═════ DATA ═════
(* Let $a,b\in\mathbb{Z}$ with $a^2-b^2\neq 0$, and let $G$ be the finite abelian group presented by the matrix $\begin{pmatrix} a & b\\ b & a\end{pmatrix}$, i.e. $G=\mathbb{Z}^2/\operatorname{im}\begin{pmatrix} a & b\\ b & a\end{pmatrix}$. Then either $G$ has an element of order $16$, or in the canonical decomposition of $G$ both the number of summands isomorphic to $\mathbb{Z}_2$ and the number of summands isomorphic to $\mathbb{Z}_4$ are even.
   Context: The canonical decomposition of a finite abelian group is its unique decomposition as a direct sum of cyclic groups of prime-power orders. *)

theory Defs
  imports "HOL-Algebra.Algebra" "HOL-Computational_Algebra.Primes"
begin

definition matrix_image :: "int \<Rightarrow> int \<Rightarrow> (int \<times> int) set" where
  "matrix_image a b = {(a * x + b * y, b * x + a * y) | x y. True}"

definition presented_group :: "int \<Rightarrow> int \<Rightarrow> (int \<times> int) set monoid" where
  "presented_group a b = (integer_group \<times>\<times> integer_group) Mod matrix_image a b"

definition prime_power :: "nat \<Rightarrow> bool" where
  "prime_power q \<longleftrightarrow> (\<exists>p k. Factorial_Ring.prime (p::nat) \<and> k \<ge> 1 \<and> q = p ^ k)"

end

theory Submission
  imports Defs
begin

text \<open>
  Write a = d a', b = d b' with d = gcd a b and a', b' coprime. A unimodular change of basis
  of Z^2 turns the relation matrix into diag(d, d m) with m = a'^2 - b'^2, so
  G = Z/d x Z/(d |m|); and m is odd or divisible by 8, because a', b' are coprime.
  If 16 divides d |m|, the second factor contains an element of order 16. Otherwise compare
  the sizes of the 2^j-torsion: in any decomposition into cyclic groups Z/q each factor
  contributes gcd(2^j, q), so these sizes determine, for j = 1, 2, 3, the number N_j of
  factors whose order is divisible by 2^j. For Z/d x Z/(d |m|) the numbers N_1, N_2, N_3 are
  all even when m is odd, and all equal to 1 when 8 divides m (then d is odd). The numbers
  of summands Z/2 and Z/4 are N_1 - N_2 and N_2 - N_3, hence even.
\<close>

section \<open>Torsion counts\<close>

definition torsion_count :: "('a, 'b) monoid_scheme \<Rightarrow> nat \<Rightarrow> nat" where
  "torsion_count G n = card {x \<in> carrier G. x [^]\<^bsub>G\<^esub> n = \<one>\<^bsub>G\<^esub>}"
═════
Search the lines above for the string "where", then show every one that has it.

ANSWER TO THE EXERCISE:
definition matrix_image :: "int \<Rightarrow> int \<Rightarrow> (int \<times> int) set" where
definition presented_group :: "int \<Rightarrow> int \<Rightarrow> (int \<times> int) set monoid" where
definition prime_power :: "nat \<Rightarrow> bool" where
definition torsion_count :: "('a, 'b) monoid_scheme \<Rightarrow> nat \<Rightarrow> nat" where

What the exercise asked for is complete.